Details: (M), 89 mins, Germany,
Synopsis: Literally translated as ‘bright’, this futiristic film takes place in a world where food is scarce, it doesn’t rain and the sun is all-consuming. Two sisters and a male friend exist in this tough environment, looking for meagre scraps for survival.
Apocalyptic road movie lives up to its name. In a good way.
FESTIVAL OF GERMAN FILM: The ‘post-apocalyptic road’ movie continues to offer up fresh perspectives on life as-we-are-yet-to-know-it and director Tim Fehlbaum’s Hell is up there with the best of this seemingly inexhaustable genre. From the defining works Soylent Green and Mad Max to more recent nerve-janglers like The Road, The Book of Eli and 28 Days Later, the barren wasteland that is our near-future makes for metaphorically-rich, ultra-creepy cinema of the bleakest kind; Fehlbum’s unambiguously-titled thriller mines all those elements for maximum effect.
The Swiss-born, Munich-trained director’s future landscape has been scorched by solar flares, reducing once-lush European woodlands to grey deserts of ash. The surviving humans have divided into marauding tribal sub-groups, scurrying about in the shadows to avoid the scorching glare. Marie (Hannah Herzsprung) and her younger sister Leonie (Lisa Vicari) have banded together with Philip (Lars Eidinger), travelling the deserted highways in a constant search for water and petrol (that cars and batteries still work in Fehlbaum’s world, suggests this dour existence is not so far away).
A chance encounter with a lean, mean Tom (Stipe Erceg) expands the group, but soon their numbers are reduced when Leonie and Tom are captured by nomadic savages. Philip shows his true colours and wants to flee, but Marie won’t abandon her sister; she trudges to an encampment that seems idyllic but is soon revealed to be far removed from the sanctuary it presents.
Falling into two very distinct parts, Hell works best when it glimpses the humanity that our heroes have had to conceal in order to perform animalistic acts of survival. The first half of Fehlbaum’s film excels at creating both a vivid future-world and, more importantly, a set of believable characters to inhabit it. Herzsprung is wide-eyed but never naive, and because of hat, her third act heroism seems entirely plausible; 15 year-old Vicari, a stunning young actress despite being layered in grime, is the warm, crucial heart of the film (and which, frankly, Kodi Smit-McPhee’s similar character in The Road failed to provide).

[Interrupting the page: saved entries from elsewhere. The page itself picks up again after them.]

(* Assume Hypotheses 1, 2 and 3 (see context). For any $x\in\Gamma$ and any $\mathbf{x}\in\mathcal{C}(\mathbf{0})$, $$\|\Pi(Q(t,x)\mathbf{x})\|\ge\|\Pi(\mathbf{x})\|\exp\Big(\int_0^t\big(\alpha(\Phi(s,x))-\|D_zf(\Phi(s,x))\|\big)\,ds\Big)\quad\text{for all }t\ge0.$$
   Context: System $\dot x=F(x)$ with $F=(f,g)$, i.e. $\dot a=f(a,z)$, $\dot z=g(a,z)$, $(a,z)\in\mathbb{R}^n\times\mathbb{R}^m$, $X=\mathbb{R}^n\times\mathbb{R}^m$, flow $\Phi(t,x)$. Euclidean inner product, norm, operator norm. $\mathcal{L}(x_1,x_2)=\|a_2-a_1\|^2-\|z_2-z_1\|^2$, $\mathcal{C}(x)=\{x'\in X:\mathcal{L}(x',x)\ge0\}$, $\mathbf{0}$ the zero vector of $X$; $\Pi(a,z)=a$, $\Pi_\perp(a,z)=z$; $\mathbb{B}_d(x)=\{(a',z'):\|a'-a\|\le d,\|z'-z\|\le d\}$. $\Gamma\subseteq U$ positively invariant means $\Phi(t,x)$ is defined for all $t\ge0$ for $x\in\Gamma$ and $\Phi(t,\Gamma)\subseteq\Gamma$. Hypothesis 1: $U$ open and convex, and there is $d>0$ with $\mathcal{C}(x)\cap U\subset\mathbb{B}_d(x)$ for all $x\in U$. Hypothesis 2: $f,g$ are $C^1$ on $U$; there exist continuous $\alpha>0$, $\ell\ge0$ on $U$ and $c_1>0$ with, for all $x\in U$: $\langle a',D_af(x)a'\rangle\ge\alpha(x)\|a'\|^2$; $\langle z',D_zg(x)z'\rangle\le\ell(x)\|z'\|^2$; $\alpha(x)\ge\ell(x)+\|D_zf(x)\|+\|D_ag(x)\|+c_1$. Hypothesis 3: $\Gamma\subset U$ is positively invariant and $\Pi_\perp(\Gamma)=\Pi_\perp(U)$. For $x\in\Gamma$, $Q(t,x)$ ($t\ge0$) denotes the fundamental matrix solution of the variational equation $\dot{\mathbf{x}}=DF(\Phi(t,x))\mathbf{x}$ with $Q(0,x)=I$. *)

theory Defs
  imports "HOL-Analysis.Analysis"
begin

definition cone_L :: "((real^'n) \<times> (real^'m)) \<Rightarrow> ((real^'n) \<times> (real^'m)) \<Rightarrow> real" where
  "cone_L x1 x2 = (norm (fst x2 - fst x1))\<^sup>2 - (norm (snd x2 - snd x1))\<^sup>2"

definition cone_C :: "((real^'n) \<times> (real^'m)) \<Rightarrow> ((real^'n) \<times> (real^'m)) set" where
  "cone_C x = {x'. cone_L x' x \<ge> 0}"

definition box_B :: "real \<Rightarrow> ((real^'n) \<times> (real^'m)) \<Rightarrow> ((real^'n) \<times> (real^'m)) set" where
  "box_B d x = {x'. norm (fst x' - fst x) \<le> d \<and> norm (snd x' - snd x) \<le> d}"

end

theory Submission
  imports Defs
begin

(* Along a solution w = (p, q) of a non-autonomous linear system
   p' = A(s)(p, q), q' = B(s)(p, q) whose blocks satisfy
     <a, A(s)(a,0)> >= alpha |a|^2,  <z, B(s)(0,z)> <= ell |z|^2,
     alpha >= ell + beta + gamma   (beta = |A(s)(0,.)|, gamma = |B(s)(.,0)|),
   two differential inequalities hold:
     (|p|^2 - |q|^2)' >= (beta + gamma + 2 ell) (|p|^2 - |q|^2),
     (|p|^2)' >= 2 alpha |p|^2 - 2 beta |p| |q|.
   A scalar Gronwall-type comparison turns the first into invariance of the
   cone |q| <= |p|; inside the cone the second becomes (|p|^2)' >= 2 (alpha - beta) |p|^2,
   and the same comparison yields |p(t)| >= |p(0)| exp (int_0^t (alpha - beta)). *)

text \<open>Scalar comparison: a differential inequality \<open>u' \<ge> 2 k u\<close> on \<open>[0,t]\<close> forces
  \<open>u t \<ge> u 0 * exp (2 \<integral>\<^sub>0\<^sup>t k)\<close>, because \<open>u * exp (-2 \<integral> k)\<close> is nondecreasing.\<close>

lemma differential_inequality_lower_bound:
  fixes u k u' :: "real \<Rightarrow> real"
  assumes t: "t \<ge> 0"
    and k_cont: "continuous_on {0..t} k"
    and u_deriv: "\<And>s. s \<in> {0..t} \<Longrightarrow> (u has_real_derivative u' s) (at s within {0..t})"
    and u_ineq: "\<And>s. s \<in> {0..t} \<Longrightarrow> u' s \<ge> 2 * k s * u s"
  shows "u t \<ge> u 0 * exp (2 * integral {0..t} k)"
proof -
  define I where "I s = integral {0..s} k" for s
  define G where "G s = u s * exp (- 2 * I s)" for s
  have I_deriv: "(I has_real_derivative k s) (at s within {0..t})" if "s \<in> {0..t}" for s
    using integral_has_vector_derivative[OF k_cont that] unfolding I_def
    by (simp add: has_real_derivative_iff_has_vector_derivative)
  have G_deriv: "(G has_real_derivative exp (- 2 * I s) * (u' s - 2 * k s * u s)) (at s within {0..t})"
    if "s \<in> {0..t}" for s
    unfolding G_def
    by (rule derivative_eq_intros u_deriv[OF that] I_deriv[OF that] refl | simp add: algebra_simps)+
  have G_cont: "continuous_on {0..t} G"
    unfolding continuous_on_eq_continuous_within using G_deriv by (meson DERIV_continuous)
  have "G 0 \<le> G t"
  proof (rule DERIV_nonneg_imp_increasing_open[OF t _ G_cont])
    fix s assume "0 < s" "s < t"
    then show "\<exists>y. DERIV G s :> y \<and> 0 \<le> y"
      using G_deriv[of s] u_ineq[of s] at_within_Icc_at[of 0 s t] by auto
  qed
  moreover have "G 0 = u 0" by (simp add: G_def I_def)
  moreover have "u t = G t * exp (2 * I t)" by (simp add: G_def exp_minus field_simps flip: exp_add)
  ultimately show ?thesis unfolding I_def
    by (metis exp_gt_zero less_eq_real_def mult_right_mono)
qed

lemma has_real_derivative_norm_sq:
  fixes w :: "real \<Rightarrow> 'a::real_inner"
  assumes "(w has_vector_derivative W) (at s within S)"
  shows "((\<lambda>s. (norm (w s))\<^sup>2) has_real_derivative 2 * inner (w s) W) (at s within S)"
proof -
  have d: "(w has_derivative (\<lambda>h. h *\<^sub>R W)) (at s within S)"
    using assms unfolding has_vector_derivative_def .
  show ?thesis unfolding has_field_derivative_def power2_norm_eq_inner
    by (rule has_derivative_eq_rhs[OF has_derivative_inner[OF d d]])
       (auto simp: inner_commute algebra_simps)
qed

lemma has_vector_derivative_fst:
  "(w has_vector_derivative W) F \<Longrightarrow> ((\<lambda>s. fst (w s)) has_vector_derivative fst W) F"
  unfolding has_vector_derivative_def by (drule has_derivative_fst) simp

lemma has_vector_derivative_snd:
  "(w has_vector_derivative W) F \<Longrightarrow> ((\<lambda>s. snd (w s)) has_vector_derivative snd W) F"
  unfolding has_vector_derivative_def by (drule has_derivative_snd) simp

lemma continuous_on_onorm_compose:
  fixes A :: "real \<Rightarrow> 'a::real_normed_vector \<Rightarrow>\<^sub>L 'c::real_normed_vector"
    and e :: "'b::real_normed_vector \<Rightarrow> 'a"
  assumes "continuous_on S A" and "bounded_linear e"
  shows "continuous_on S (\<lambda>s. onorm (\<lambda>v. A s (e v)))"
proof -
  have "blinfun_apply (A s o\<^sub>L Blinfun e) = (\<lambda>v. A s (e v))" for s
    by (rule ext) (simp add: bounded_linear_Blinfun_apply[OF assms(2)])
  then have "(\<lambda>s. onorm (\<lambda>v. A s (e v))) = (\<lambda>s. norm (A s o\<^sub>L Blinfun e))"
    by (simp add: norm_blinfun.rep_eq)
  moreover have "continuous_on S (\<lambda>s. norm (A s o\<^sub>L Blinfun e))"
    by (intro continuous_intros assms(1))
  ultimately show ?thesis by (simp only:)
qed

The second half takes place entirely within the compound, peopled by a rather too-civilised cult overseen by matriarch Bäurin, played by veteran actress Angela Winkler. Her performance, much like Fehlbaum’s handling of this passage, dips a little too often into horror-movie caricature; away from the glare of the burning sun and the parched fields, Hell becomes Hostel. Tropes abound (the heroine who escapes but heads back into the mysterious ‘barn’; the reveal as to exactly how Bäurin and her clan stay so ‘well-fed’) and, whilst undeniably tense in parts, hog-tie the third act. Hell only really regains its momentum when key characters flee into the blistering sun - a terrifically-staged sequence that jolts the film back to life.
Deeply moral at its core, the script (which Fehlbaum co-wrote with Thomas Wöbke and Oliver Kahl) is sparse but profound; words to these characters, often the only reminder of their past civility, are as valuable and life-enriching as the drops of water for which they scrounge.
ndicating everyone involved was convinced this was top-notch genre material, cinematographer Markus Förderer was justly rewarded for his work at the highly-regarded 2011 SITGES Film Festival and Hollywood power-player Roland Emmerich (Independence Day; Godzilla; The Day After Tomorrow; 2012) executive-produced, returning to his homeland film industry for the first time in 20 years.